(* Let $c,\Gamma,\sigma>0$, $q\ge0$, $\theta\in\mathbb{R}$, and consider $$\dot y=-cy-zy-qy^3+d,\qquad \dot z=\Gamma y^2-\sigma z-\sigma\theta,\qquad x=(y,z)\in\mathbb{R}^2,\ d\in\mathbb{R}$$ (the closed loop of $\dot y=\theta y+u+d$ with $u=-cy-\hat\theta y-qy^3$, $\dot{\hat\theta}=\Gamma y^2-\sigma\hat\theta$, $z=\hat\theta-\theta$). Then for every $x(0)\in\mathbb{R}^2$ and $d\in L^\infty(\mathbb{R}_+;\mathbb{R})$ the solution exists for all $t\ge0$ and satisfies $$|x(t)|\le e^{-\min(c,\sigma)t/2}\sqrt{\max(\Gamma,1/\Gamma)}\,|x(0)|+\sqrt{\frac{\max(\Gamma,1)}{c\min(c,\sigma)}}\,\|d\|_\infty+|\theta|\sqrt{\frac{\sigma}{\min(\Gamma,1)\min(c,\sigma)}}.$$ Moreover, if $\theta>c$ and $d\equiv0$, then $\Big(\pm\sqrt{\frac{\sigma(\theta-c)}{\Gamma+\sigma q}},\ -\frac{\Gamma c+\theta\sigma q}{\Gamma+\sigma q}\Big)$ are equilibrium points of this system. *)

theory Defs
  imports "HOL-Probability.Probability"
begin

definition Linf_pos :: "(real \<Rightarrow> real) \<Rightarrow> bool" where
  "Linf_pos d \<longleftrightarrow> d \<in> borel_measurable (restrict_space lebesgue {0..})
     \<and> esssup (restrict_space lebesgue {0..}) (\<lambda>t. ereal \<bar>d t\<bar>) < \<infinity>"

definition Linf_norm :: "(real \<Rightarrow> real) \<Rightarrow> real" where
  "Linf_norm d = real_of_ereal (esssup (restrict_space lebesgue {0..}) (\<lambda>t. ereal \<bar>d t\<bar>))"

definition fy :: "real \<Rightarrow> real \<Rightarrow> real \<Rightarrow> real \<Rightarrow> real \<Rightarrow> real" where
  "fy c q y z dv = - c * y - z * y - q * y ^ 3 + dv"

definition fz :: "real \<Rightarrow> real \<Rightarrow> real \<Rightarrow> real \<Rightarrow> real \<Rightarrow> real" where
  "fz \<Gamma> \<sigma> \<theta> y z = \<Gamma> * y ^ 2 - \<sigma> * z - \<sigma> * \<theta>"

definition is_solution ::
  "real \<Rightarrow> real \<Rightarrow> real \<Rightarrow> real \<Rightarrow> real \<Rightarrow> (real \<Rightarrow> real) \<Rightarrow> (real \<Rightarrow> real) \<Rightarrow> (real \<Rightarrow> real) \<Rightarrow> bool"
where
  "is_solution c \<Gamma> \<sigma> q \<theta> d y z \<longleftrightarrow>
     continuous_on {0..} y \<and> continuous_on {0..} z \<and>
     (\<forall>t\<ge>0. ((\<lambda>s. fy c q (y s) (z s) (d s)) has_integral (y t - y 0)) {0..t}
           \<and> ((\<lambda>s. fz \<Gamma> \<sigma> \<theta> (y s) (z s)) has_integral (z t - z 0)) {0..t})"

end

theory Submission
  imports Defs
begin

text \<open>Along solutions the Lyapunov function \<open>V = y\<^sup>2/2 + z\<^sup>2/(2\<Gamma>)\<close> satisfies
  \<open>V' + min c \<sigma> \<cdot> V \<le> \<parallel>d\<parallel>\<^sup>2/(2c) + \<sigma>\<theta>\<^sup>2/(2\<Gamma>)\<close>: the cubic term only helps, and
  the cross terms \<open>d y\<close> and \<open>-\<sigma>\<theta>z/\<Gamma>\<close> are absorbed by Young's inequality. Comparison
  with the linear equation and the equivalence of \<open>V\<close> with \<open>|x|\<^sup>2\<close> give the estimate.
  Since \<open>d\<close> is only essentially bounded, solutions are absolutely continuous and \<open>V'\<close> is
  justified by integration by parts. Existence: Picard iteration for a globally Lipschitz
  truncation of the system, whose truncation is never active by the a priori bound.\<close>

lemma absolutely_integrable_continuous_mult_real:
  fixes k f :: "real \<Rightarrow> real"
  assumes k: "continuous_on {a..b} k" and f: "f absolutely_integrable_on {a..b}"
  shows "(\<lambda>s. k s * f s) absolutely_integrable_on {a..b}"
proof (rule absolutely_integrable_bounded_measurable_product_real[OF _ _ _ f])
  show "k \<in> borel_measurable (lebesgue_on {a..b})"
    by (rule continuous_imp_measurable_on_sets_lebesgue[OF k]) simp
  show "bounded (k ` {a..b})"
    using compact_continuous_image[OF k] compact_imp_bounded by blast
qed simp

lemma integral_eq_primitive_diff:
  fixes f F :: "real \<Rightarrow> real"
  assumes F: "\<And>t. t \<in> {a..b} \<Longrightarrow> (f has_integral (F t - F a)) {a..t}"
    and st: "a \<le> s" "s \<le> t" "t \<le> b"
  shows "integral {s..t} f = F t - F s"
proof -
  have ht: "(f has_integral (F t - F a)) {a..t}" and hs: "(f has_integral (F s - F a)) {a..s}"
    using F st by auto
  have "integral {a..s} f + integral {s..t} f = integral {a..t} f"
    using Henstock_Kurzweil_Integration.integral_combine[OF st(1,2) has_integral_integrable[OF ht]] .
  then show ?thesis using integral_unique[OF hs] integral_unique[OF ht] by simp
qed

lemma continuous_on_primitive:
  fixes f F :: "real \<Rightarrow> real"
  assumes F: "\<And>t. t \<in> {a..b} \<Longrightarrow> (f has_integral (F t - F a)) {a..t}" and ab: "a \<le> b"
  shows "continuous_on {a..b} F"
proof (rule continuous_on_eq)
  have "f integrable_on {a..b}" using F[of b] ab by (auto intro: has_integral_integrable)
  then show "continuous_on {a..b} (\<lambda>t. F a + integral {a..t} f)"
    by (intro continuous_intros indefinite_integral_continuous_1)
  show "F a + integral {a..t} f = F t" if "t \<in> {a..b}" for t
    using integral_unique[OF F[OF that]] by simp
qed

definition uniform_grid :: "real \<Rightarrow> real \<Rightarrow> nat \<Rightarrow> nat \<Rightarrow> real" where
  "uniform_grid a b n i = a + real i * (b - a) / real n"

lemma uniform_grid_mono:
  assumes "a \<le> b" "i \<le> j" shows "uniform_grid a b n i \<le> uniform_grid a b n j"
proof -
  have "real i * (b - a) \<le> real j * (b - a)" using assms by (intro mult_right_mono) auto
  then show ?thesis unfolding uniform_grid_def by (simp add: divide_right_mono)
qed

lemma uniform_grid_0 [simp]: "uniform_grid a b n 0 = a"
  by (simp add: uniform_grid_def)

lemma uniform_grid_last [simp]: "n > 0 \<Longrightarrow> uniform_grid a b n n = b"
  by (simp add: uniform_grid_def)

lemma uniform_grid_in:
  assumes "a \<le> b" "i \<le> n" "n > 0" shows "uniform_grid a b n i \<in> {a..b}"
  using uniform_grid_mono[OF assms(1), of 0 i n] uniform_grid_mono[OF assms(1,2), of n] assms by auto

lemma uniform_grid_step:
  "n > 0 \<Longrightarrow> uniform_grid a b n (Suc i) - uniform_grid a b n i = (b - a) / real n"
  by (simp add: uniform_grid_def field_simps)

lemma sum_integrals_uniform_grid:
  fixes H :: "real \<Rightarrow> 'a::banach"
  assumes H: "H integrable_on {a..b}" and ab: "a \<le> b" and n: "n > 0"
  shows "(\<Sum>i<n. integral {uniform_grid a b n i .. uniform_grid a b n (Suc i)} H) = integral {a..b} H"
proof -
  have "(\<Sum>i<k. integral {uniform_grid a b n i .. uniform_grid a b n (Suc i)} H)
      = integral {a..uniform_grid a b n k} H" if "k \<le> n" for k
    using that
  proof (induction k)
    case (Suc k)
    have "{a..uniform_grid a b n (Suc k)} \<subseteq> {a..b}"
      using uniform_grid_in[OF ab Suc.prems n] by auto
    then have "integral {a..uniform_grid a b n k} H
        + integral {uniform_grid a b n k .. uniform_grid a b n (Suc k)} H
        = integral {a..uniform_grid a b n (Suc k)} H"
      using uniform_grid_mono[OF ab, of 0 k n] uniform_grid_mono[OF ab, of k "Suc k" n]
      by (intro Henstock_Kurzweil_Integration.integral_combine integrable_on_subinterval[OF H]) auto
    then show ?case using Suc by simp
  qed simp
  from this[of n] n show ?thesis by simp
qed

________

◆ What this task involves ◆
Since only a count is wanted, give the number of lines in the listing that contain the word "thesis".

◆ Output for this exercise ◆
3